- [Saved data entries]
^^^^^^^^^^^^^^^^

lemma num_faces_pos:
  assumes G: "simple_graph G" and E: "edges G \<noteq> {}"
  shows "num_faces G \<rho> \<ge> 1"
proof -
  obtain e where e: "e \<in> edges G" using E by blast
  obtain u v where "e = {u, v}" using edge_doubletonE[OF G e] by blast
  then have "(u, v) \<in> darts G" using e by (simp add: in_darts_iff)
  then have ne: "(\<lambda>d. {(face_step \<rho> ^^ k) d | k. True}) ` darts G \<noteq> {}" by blast
  have "finite ((\<lambda>d. {(face_step \<rho> ^^ k) d | k. True}) ` darts G)"
    using finite_darts[OF G] by simp
  then show ?thesis using ne unfolding num_faces_def by (simp add: Suc_le_eq card_gt_0_iff)
qed

lemma embeds_genus_le_half_betti:
  assumes G: "simple_graph G" and E: "edges G \<noteq> {}" and emb: "embeds_with_genus G g"
  shows "int g \<le> betti G div 2"
proof -
  obtain \<rho> where eq: "int (card (verts G)) - int (card (edges G)) + int (num_faces G \<rho>) = 2 - 2 * int g"
    using emb unfolding embeds_with_genus_def by blast
  have "num_faces G \<rho> \<ge> 1" using num_faces_pos[OF G E] .
  then have "2 * int g \<le> betti G" using eq unfolding betti_def by linarith
  moreover have "betti G = 2 * (betti G div 2) + betti G mod 2" by simp
  moreover have "betti G mod 2 < 2" "betti G mod 2 \<ge> 0" by simp_all
  ultimately show ?thesis by linarith
qed

lemma embeds_half_betti:
  assumes G: "simple_graph G" and E: "edges G \<noteq> {}" and N: "no_isolated G"
    and B: "betti G \<ge> 0" and R: "rotation_system G \<rho>" and F: "num_faces G \<rho> \<le> 2"
  shows "embeds_with_genus G (nat (betti G div 2))"
proof -
  have F1: "num_faces G \<rho> \<ge> 1" using num_faces_pos[OF G E] .
  have par: "even (num_faces G \<rho> + card (verts G) + card (edges G))" using even_faces_verts_edges[OF G R N] .
  have b2: "betti G = 2 * (betti G div 2) + betti G mod 2" by simp
  have "int (card (verts G)) - int (card (edges G)) + int (num_faces G \<rho>) = 2 - 2 * (betti G div 2)"
  proof (cases "num_faces G \<rho> = 1")
    case True
    then have "even (1 + card (verts G) + card (edges G))" using par by simp
    then have "even (betti G)" unfolding betti_def by presburger
    then show ?thesis using True b2 unfolding betti_def by presburger
  next
    case False
    then have T: "num_faces G \<rho> = 2" using F F1 by simp
    then have "even (card (verts G) + card (edges G))" using par by simp
    then have "odd (betti G)" unfolding betti_def by presburger
    then show ?thesis using T b2 unfolding betti_def by presburger
  qed
  moreover have "int (nat (betti G div 2)) = betti G div 2" using B by simp
  ultimately show ?thesis unfolding embeds_with_genus_def using R by (metis)
qed

lemma max_genus_eq_half_betti_if_two_faces:
  assumes G: "simple_graph G" and E: "edges G \<noteq> {}" and N: "no_isolated G"
    and B: "betti G \<ge> 0" and R: "rotation_system G \<rho>" and F: "num_faces G \<rho> \<le> 2"
  shows "int (max_genus G) = betti G div 2"
proof -
  let ?g = "nat (betti G div 2)"
  have sub: "{g. embeds_with_genus G g} \<subseteq> {..?g}"
    using embeds_genus_le_half_betti[OF G E] by fastforce
  have mem: "?g \<in> {g. embeds_with_genus G g}" using embeds_half_betti[OF assms] by simp
  have "Max {g. embeds_with_genus G g} = ?g"
  proof (rule Max_eqI)
    show "finite {g. embeds_with_genus G g}" using sub finite_subset by blast
    show "y \<le> ?g" if "y \<in> {g. embeds_with_genus G g}" for y using sub that by auto
  qed (rule mem)
  then show ?thesis unfolding max_genus_def using B by simp
qed
lemma occurs_gapped_extend:
  "occurs_gapped R (extend p v) \<longleftrightarrow> occurs_gapped R p \<or> v \<in> killed_sites R 2 p"
proof
  assume "occurs_gapped R (extend p v)"
  then obtain i j k where ijk: "i < j" "j + 2 \<le> k" "k \<le> length p"
      and R: "R (extend p v ! i) (extend p v ! j) (extend p v ! k)"
    unfolding occurs_gapped_def by auto
  show "occurs_gapped R p \<or> v \<in> killed_sites R 2 p"
  proof (cases "k = length p")
    case True
    then have "kills R (p ! i) (p ! j) v"
      using R ijk by (simp add: nth_extend nth_extend_last kills_def)
    then show ?thesis
      using ijk True unfolding killed_sites_def by blast
  next
    case False
    then have "R (p ! i) (p ! j) (p ! k)" "k < length p"
      using R ijk by (simp_all add: nth_extend R_lift)
    then show ?thesis
      using ijk unfolding occurs_gapped_def by blast
  qed
next
  assume "occurs_gapped R p \<or> v \<in> killed_sites R 2 p"
  then show "occurs_gapped R (extend p v)"
  proof
    assume "occurs_gapped R p"
    then obtain i j k where ijk: "i < j" "j + 2 \<le> k" "k < length p" "R (p ! i) (p ! j) (p ! k)"
      unfolding occurs_gapped_def by auto
    then have "R (extend p v ! i) (extend p v ! j) (extend p v ! k)" "k < length (extend p v)"
      by (simp_all add: nth_extend R_lift)
    then show ?thesis
      using ijk unfolding occurs_gapped_def by blast
  next
    assume "v \<in> killed_sites R 2 p"
    then obtain i j where ij: "i < j" "j + 2 \<le> length p" "kills R (p ! i) (p ! j) v"
      unfolding killed_sites_def by auto
    then have "R (extend p v ! i) (extend p v ! j) (extend p v ! length p)"
      by (simp add: nth_extend nth_extend_last kills_def)
    then show ?thesis
      using ij unfolding occurs_gapped_def by (metis length_extend lessI)
  qed
qed

lemma active_sites_extend:
  assumes v: "v \<in> {1..Suc (length p)}"
  shows "active_sites R 2 (extend p v) = inherited_sites v (length p) (active_sites R 1 p)"
proof -
  have pair: "i < j \<and> j + 2 \<le> length (extend p v) \<and> kills R (extend p v ! i) (extend p v ! j) s
      \<longleftrightarrow> i < j \<and> j + 1 \<le> length p \<and> kills R (p ! i) (p ! j) (unlift v s)" for i j s
    using kills_extend[of i p j v s] by auto
  have "s \<in> killed_sites R 2 (extend p v) \<longleftrightarrow> unlift v s \<in> killed_sites R 1 p" for s
    by (simp only: killed_sites_def mem_Collect_eq pair)
  then show ?thesis
    unfolding active_sites_def inherited_sites_def using unlift_in_atLeastAtMost[OF v] by auto
qed

lemma killed_sites_1_extend:
  assumes m: "length p = m"
  shows "s \<in> killed_sites R 1 (extend p v) \<longleftrightarrow>
    unlift v s \<in> killed_sites R 1 p \<or> (\<exists>i<m. kills R (lift v (p ! i)) v s)"
proof
  assume "s \<in> killed_sites R 1 (extend p v)"
  then obtain i j where ij: "i < j" "j + 1 \<le> Suc m"
      and K: "kills R (extend p v ! i) (extend p v ! j) s"
    unfolding killed_sites_def length_extend m mem_Collect_eq by blast
  show "unlift v s \<in> killed_sites R 1 p \<or> (\<exists>i<m. kills R (lift v (p ! i)) v s)"
  proof (cases "j = m")
    case True
    then have "kills R (lift v (p ! i)) v s"
      using K ij m nth_extend_last[of p v] by (simp add: nth_extend)
    then show ?thesis
      using ij True by auto
  next
    case False
    then have "kills R (p ! i) (p ! j) (unlift v s)" "j + 1 \<le> length p"
      using K ij m by (simp_all add: kills_extend)
    then show ?thesis
      using ij unfolding killed_sites_def by blast
  qed
next
  assume "unlift v s \<in> killed_sites R 1 p \<or> (\<exists>i<m. kills R (lift v (p ! i)) v s)"
  then show "s \<in> killed_sites R 1 (extend p v)"
  proof
    assume "unlift v s \<in> killed_sites R 1 p"
    then obtain i j where ij: "i < j" "j + 1 \<le> length p" "kills R (p ! i) (p ! j) (unlift v s)"
      unfolding killed_sites_def by auto
    then have "kills R (extend p v ! i) (extend p v ! j) s" "j + 1 \<le> length (extend p v)"
      by (simp_all add: kills_extend)
    then show ?thesis
      using ij unfolding killed_sites_def by blast
  next
    assume "\<exists>i<m. kills R (lift v (p ! i)) v s"
    then obtain i where i: "i < m" "kills R (extend p v ! i) (extend p v ! m) s"
      using m by (auto simp: nth_extend nth_extend_last)
    moreover have "m + 1 \<le> length (extend p v)"
      using m by simp
    ultimately show ?thesis
      unfolding killed_sites_def by blast
  qed
qed
lemma has_sum_int_split:
  fixes f :: "int \<Rightarrow> 'a::{real_normed_vector, banach}"
  assumes "summable (\<lambda>n. norm (f (int n)))" "summable (\<lambda>n. norm (f (- int (Suc n))))"
  shows "(f has_sum ((\<Sum>n. f (int n)) + (\<Sum>n. f (- int (Suc n))))) UNIV"
proof -
  have "((\<lambda>n. f (int n)) has_sum (\<Sum>n. f (int n))) UNIV"
    "((\<lambda>n. f (- int (Suc n))) has_sum (\<Sum>n. f (- int (Suc n)))) UNIV"
    using assms by (auto intro!: norm_summable_imp_has_sum summable_sums summable_norm_cancel)
  then have "(f has_sum (\<Sum>n. f (int n))) (range int)"
    "(f has_sum (\<Sum>n. f (- int (Suc n)))) (range (\<lambda>n. - int (Suc n)))"
    by (auto simp: has_sum_reindex inj_on_def comp_def)
  moreover have "m \<in> range int \<union> range (\<lambda>n. - int (Suc n))" for m
    using rangeI[of int "nat m"] rangeI[of "\<lambda>n. - int (Suc n)" "nat (- m - 1)"] by (cases "0 \<le> m") auto
  then have "range int \<union> range (\<lambda>n. - int (Suc n)) = UNIV"
    by blast
  moreover have "range int \<inter> range (\<lambda>n. - int (Suc n)) = {}"
    by auto
  ultimately show ?thesis
    using has_sum_Un_disjoint by metis
qed

lemma finite_jacobi_triple_product_split:
  fixes x z :: "'a::{real_normed_field, banach}"
  assumes x: "x \<noteq> 0" and xl: "norm x < 1" and z: "z \<noteq> 0"
  shows "qpochhammer N (- z) x * qpochhammer N (- x / z) x
       = (\<Sum>i<Suc N. qbinomial x (2 * N) (N + i) * jacobi_term x z (int i))
         + (\<Sum>i<N. qbinomial x (2 * N) (N + Suc i) * jacobi_term x z (- int (Suc i)))"
proof -
  have negative: "qbinomial x (2 * N) (N - Suc i) * jacobi_term x z (int (N - Suc i) - int N)
      = qbinomial x (2 * N) (N + Suc i) * jacobi_term x z (- int (Suc i))" if "i < N" for i
  proof -
    have "2 * N - (N + Suc i) = N - Suc i" "int (N - Suc i) - int N = - int (Suc i)"
      using that by simp_all
    then show ?thesis
      using qbinomial_symmetric[OF xl, of "N + Suc i" "2 * N"] that by simp
  qed
  show ?thesis
    unfolding finite_jacobi_triple_product[OF x z] sum_atMost_double_split
    by (intro arg_cong2[where f = "(+)"] sum.cong refl) (simp, metis negative lessThan_iff)
qed

theorem jacobi_triple_product:
  fixes x z :: "'a::{real_normed_field, banach}"
  assumes x: "x \<noteq> 0" and xl: "norm x < 1" and z: "z \<noteq> 0"
  shows "(jacobi_term x z has_sum
           qpochhammer_inf x x * qpochhammer_inf (- z) x * qpochhammer_inf (- x / z) x) UNIV"
proof -
  define P where "P = qpochhammer_inf x x"
  have "P \<noteq> 0"
    unfolding P_def using qpochhammer_inf_nonzero[OF xl xl] .
  have s1: "summable (\<lambda>i. norm (jacobi_term x z (int i)))"
    by (rule summable_norm_jacobi_term[OF x xl])
  have s2: "summable (\<lambda>i. norm (jacobi_term x z (- int (Suc i))))"
    unfolding jacobi_term_uminus[OF x z] summable_Suc_iff[where f = "\<lambda>i. norm (jacobi_term x (x / z) (int i))"]
    by (rule summable_norm_jacobi_term[OF x xl])
  have bound: "norm (qbinomial x M k) \<le> 1 / qpochhammer_inf (norm x) (norm x)" for M k
    using norm_qbinomial_le[of x M k] qbinomial_le_real[of "norm x" M k] xl by simp
  have "(\<lambda>N. qpochhammer N (- z) x * qpochhammer N (- x / z) x)
      \<longlonglongrightarrow> 1 / P * (\<Sum>i. jacobi_term x z (int i)) + 1 / P * (\<Sum>i. jacobi_term x z (- int (Suc i)))"
    unfolding finite_jacobi_triple_product_split[OF x xl z] P_def
    by (intro tendsto_add tendsto_weighted_partial_sums[OF s1 _ bound]
        tendsto_weighted_partial_sums[OF s2 _ bound]
        tendsto_qbinomial_central xl filterlim_Suc filterlim_ident)
  moreover have "(\<lambda>N. qpochhammer N (- z) x * qpochhammer N (- x / z) x)
      \<longlonglongrightarrow> qpochhammer_inf (- z) x * qpochhammer_inf (- x / z) x"
    by (intro tendsto_mult tendsto_qpochhammer xl)
  ultimately have "P * (qpochhammer_inf (- z) x * qpochhammer_inf (- x / z) x)
      = (\<Sum>i. jacobi_term x z (int i)) + (\<Sum>i. jacobi_term x z (- int (Suc i)))"
    using \<open>P \<noteq> 0\<close> LIMSEQ_unique by (fastforce simp: field_simps)
  then show ?thesis
    using has_sum_int_split[OF s1 s2] by (simp add: P_def mult.assoc)
qed
lemma expect_mult_indep:
  assumes F: "F \<subseteq> E"
    and g: "\<And>\<phi>. \<phi> \<subseteq> E \<Longrightarrow> g \<phi> = g (\<phi> - F)"
    and h: "\<And>\<phi>. \<phi> \<subseteq> E \<Longrightarrow> h \<phi> = h (\<phi> \<inter> F)"
  shows "expect (\<lambda>\<phi>. g \<phi> * h \<phi>) = expect g * expect h"
proof -
  have "finite F" using F finite_edges finite_subset by blast
  then have "expect g = (\<Sum>A\<in>Pow (E - F). real_prob (E - F) p A * g A)"
    using expect_factor[where g = g and h = "\<lambda>_. 1", OF F g] sum_real_prob[of F p] by simp
  then show ?thesis
    using expect_factor[where g = g and h = h, OF F g h] expect_restrict[where h = h, OF F h]
    by simp
qed

lemma prob_avoid:
  assumes F: "F \<subseteq> E"
  shows "expect (\<lambda>\<phi>. of_bool (\<phi> \<inter> F = {})) = (\<Prod>e\<in>F. 1 - p e)"
proof -
  have "expect (\<lambda>\<phi>. of_bool (\<phi> \<inter> F = {})) = (\<Sum>B\<in>Pow F. real_prob F p B * of_bool (B \<inter> F = {}))"
    by (rule expect_restrict[OF F]) auto
  also have "\<dots> = (\<Sum>B\<in>{{}}. real_prob F p B * of_bool (B \<inter> F = {}))"
    using F finite_edges finite_subset by (intro sum.mono_neutral_right) auto
  finally show ?thesis by (simp add: real_prob_def)
qed

lemma prob_edge_live:
  assumes "e \<in> E"
  shows "expect (\<lambda>\<phi>. of_bool (e \<in> \<phi>)) = p e"
proof -
  have "expect (\<lambda>\<phi>. of_bool (e \<in> \<phi>)) = (\<Sum>B\<in>Pow {e}. real_prob {e} p B * of_bool (e \<in> B))"
    by (rule expect_restrict) (use assms in auto)
  also have "\<dots> = (\<Sum>B\<in>{{e}}. real_prob {e} p B * of_bool (e \<in> B))"
    by (intro sum.mono_neutral_right) auto
  finally show ?thesis by (simp add: real_prob_def)
qed

end

section \<open>Policies on bipartite graphs\<close>

locale bip_influence_graph =
  fixes L R :: "node set" and E :: "edge set" and p :: "edge \<Rightarrow> real"
  assumes bip_graph: "bip_graph L R E p"
begin

lemma finite_L: "finite L" and finite_R: "finite R" and disjoint_LR: "L \<inter> R = {}"
  and edges_LR: "E \<subseteq> L \<times> R"
  using bip_graph unfolding bip_graph_def by auto

sublocale live_edge_space E p
proof
  show "finite E" using finite_subset[OF edges_LR] finite_L finite_R by blast
qed (use bip_graph in \<open>auto simp: bip_graph_def\<close>)
(* Let $K$ be a field of characteristic zero, $n\ge1$. Let $\mathcal L$ be the set of $n\times n$ matrices $B$ over $K$ of the form: for $1\le k\le n$ and $0\le i\le k-1$, the entry in row $i-k+n+1$ and column $k$ equals $b_{k,i}$, all entries above these positions (i.e. entries in row $a$, column $k$ with $a< n-k+1$) are $0$, and $b_{k,0}\ne 0$ for all $1\le k\le n$ (so $B$ is zero above the antidiagonal, with nonzero antidiagonal entries $b_{1,0},\dots,b_{n,0}$). Let $s_{k,i}$ be the coordinate function on $\mathcal L$ with $s_{k,i}(B)=b_{k,i}$; these are algebraically independent and $K(\mathcal L)=K(s_{k,i}:1\le k\le n,0\le i\le k-1)$. Order the $s_{k,i}$ as $$s_{1,0}<s_{2,0}<\dots<s_{n,0}<s_{2,1}<s_{3,2}<s_{3,1}<s_{4,3}<s_{4,2}<s_{4,1}<\dots<s_{n,n-1}<s_{n,n-2}<\dots<s_{n,1},$$ i.e. all $s_{k,0}$ first in increasing $k$, then for $k=2,\dots,n$ in turn the functions $s_{k,k-1},s_{k,k-2},\dots,s_{k,1}$. Let $\pi(J_{k,i})$ denote the restriction to $\mathcal L$ of the polynomial $J_{k,i}$ (defined in the context), regarded as an element of $K(\mathcal L)$. Then for every pair $(k,i)$ with $1\le k\le n$, $0\le i\le k-1$ there exist rational functions $\phi_{k,i}\neq 0$ and $\psi_{k,i}$ in the coordinate functions $s_{a,b}$ that are strictly smaller than $s_{k,i}$ in this order, such that $$\pi(J_{k,i})=\phi_{k,i}\,s_{k,i}+\psi_{k,i}.$$
   Context: Let $M=\mathrm{Mat}(n,K)$ with standard coordinate functions $\{x_{ij}\}$, generic matrix $X=(x_{ij})$ and adjugate matrix $X^*=(x^*_{ij})$, $XX^*=X^*X=\det X\cdot E$. For $1\le k\le n$ and $0\le i\le k-1$, $J_{k,i}$ is the determinant of the $k\times k$ matrix whose first $k-i$ rows are the rows $n-k+i+1,\dots,n$ of $X$ restricted to columns $1,\dots,k$, and whose last $i$ rows are the rows $n-i+1,\dots,n$ of $X^*$ restricted to columns $1,\dots,k$. Note that on $\mathcal L$ the coordinate $x_{a,b}$ restricts to $s_{k,i}$ when $a=i-k+n+1$, $b=k$. *)

theory Defs
  imports "Jordan_Normal_Form.Determinant"
begin

text \<open>Points of \<open>\<L>\<close> are given by coordinate families \<open>s :: nat \<Rightarrow> nat \<Rightarrow> 'a\<close>,
  where \<open>s k i\<close> is \<open>b_{k,i}\<close> (1 \<le> k \<le> n, 0 \<le> i \<le> k-1).  The associated
  n x n matrix (0-based indices in Jordan_Normal_Form): the entry in 1-based row
  \<open>i-k+n+1\<close>, column \<open>k\<close> is \<open>b_{k,i}\<close>, entries above are 0.\<close>

definition L_mat :: "nat \<Rightarrow> (nat \<Rightarrow> nat \<Rightarrow> 'a::zero) \<Rightarrow> 'a mat" where
  "L_mat n s = mat n n (\<lambda>(r, c).
      if n \<le> r + c + 1 then s (c + 1) (r + c + 1 - n) else 0)"

definition L_idx :: "nat \<Rightarrow> (nat \<times> nat) set" where
  "L_idx n = {(k, i). 1 \<le> k \<and> k \<le> n \<and> i < k}"

definition L_set :: "nat \<Rightarrow> (nat \<Rightarrow> nat \<Rightarrow> 'a::zero) set" where
  "L_set n = {s. \<forall>k. 1 \<le> k \<and> k \<le> n \<longrightarrow> s k 0 \<noteq> 0}"

definition J_poly :: "nat \<Rightarrow> nat \<Rightarrow> nat \<Rightarrow> 'a::comm_ring_1 mat \<Rightarrow> 'a" where
  "J_poly n k i X = det (mat k k (\<lambda>(r, c).
      if r < k - i then X $$ (n - k + i + r, c)
      else adj_mat X $$ (n - i + (r - (k - i)), c)))"

definition var_less :: "nat \<times> nat \<Rightarrow> nat \<times> nat \<Rightarrow> bool" where
  "var_less ab ki = (case ab of (a, b) \<Rightarrow> case ki of (k, i) \<Rightarrow>
      (b = 0 \<and> i = 0 \<and> a < k) \<or> (b = 0 \<and> i \<noteq> 0) \<or>
      (b \<noteq> 0 \<and> i \<noteq> 0 \<and> (a < k \<or> (a = k \<and> i < b))))"

inductive_set poly_fun :: "(nat \<times> nat) set \<Rightarrow> ((nat \<Rightarrow> nat \<Rightarrow> 'a::comm_ring_1) \<Rightarrow> 'a) set"
  for V where
  const: "(\<lambda>s. c) \<in> poly_fun V"
| var: "(a, b) \<in> V \<Longrightarrow> (\<lambda>s. s a b) \<in> poly_fun V"
| add: "p \<in> poly_fun V \<Longrightarrow> q \<in> poly_fun V \<Longrightarrow> (\<lambda>s. p s + q s) \<in> poly_fun V"
| mult: "p \<in> poly_fun V \<Longrightarrow> q \<in> poly_fun V \<Longrightarrow> (\<lambda>s. p s * q s) \<in> poly_fun V"

end

theory Submission
  imports Defs
begin

text \<open>On \<open>\<L>\<close> the matrix \<open>X\<close> vanishes above its antidiagonal, whose entries \<open>s_{k,0}\<close> are
  nonzero. Hence its adjugate vanishes below the antidiagonal and has the entries \<open>det X / s_{a,0}\<close>
  on it. In \<open>J_{k,i}\<close> the \<open>i\<close> rows taken from the adjugate are therefore zero outside the first
  \<open>i\<close> columns, and \<open>J_{k,i}\<close> is, up to sign, a quotient of monomials in the \<open>s_{a,0}\<close> times
  the minor of \<open>X\<close> in rows \<open>n-k+i+1..n\<close> and columns \<open>i+1..k\<close>. The top right entry of that
  minor is \<open>s_{k,i}\<close>, and expanding along the top row writes the minor as \<open>s_{k,i}\<close> times a
  cofactor plus a polynomial; only variables smaller than \<open>s_{k,i}\<close> occur in both. The cofactor
  does not vanish identically: at a suitable point it is an antitriangular determinant with unit
  antidiagonal. For \<open>i = 0\<close> the minor itself is antitriangular and
  \<open>J_{k,0} = \<plusminus>s_{1,0}\<cdots>s_{k,0}\<close>.\<close>

lemma poly_fun_sum:
  assumes "finite S" "\<And>x. x \<in> S \<Longrightarrow> f x \<in> poly_fun V"
  shows "(\<lambda>s. \<Sum>x\<in>S. f x s) \<in> poly_fun V"
  using assms
proof (induction S rule: finite_induct)
  case empty
  show ?case using poly_fun.const[of 0] by simp
next
  case (insert x F)
  then show ?case using poly_fun.add[of "f x" V "\<lambda>s. \<Sum>x\<in>F. f x s"] by simp
qed

lemma poly_fun_prod:
  assumes "finite S" "\<And>x. x \<in> S \<Longrightarrow> f x \<in> poly_fun V"
  shows "(\<lambda>s. \<Prod>x\<in>S. f x s) \<in> poly_fun V"
  using assms
proof (induction S rule: finite_induct)
  case empty
  show ?case using poly_fun.const[of 1] by simp
next
  case (insert x F)
  then show ?case using poly_fun.mult[of "f x" V "\<lambda>s. \<Prod>x\<in>F. f x s"] by simp
qed

lemma poly_fun_power: "p \<in> poly_fun V \<Longrightarrow> (\<lambda>s. p s ^ e) \<in> poly_fun V"
  using poly_fun_prod[of "{..<e}" "\<lambda>_. p" V] by simp

lemma poly_fun_const_mult: "p \<in> poly_fun V \<Longrightarrow> (\<lambda>s. c * p s) \<in> poly_fun V"
  by (rule poly_fun.mult[OF poly_fun.const])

^^^^^^^^^^^^^^^^

- [Work required]
Your answer should be every line above that contains the word "minor".

- [Expected answer]
  the minor of \<open>X\<close> in rows \<open>n-k+i+1..n\<close> and columns \<open>i+1..k\<close>. The top right entry of that
  minor is \<open>s_{k,i}\<close>, and expanding along the top row writes the minor as \<open>s_{k,i}\<close> times a
  antidiagonal. For \<open>i = 0\<close> the minor itself is antitriangular and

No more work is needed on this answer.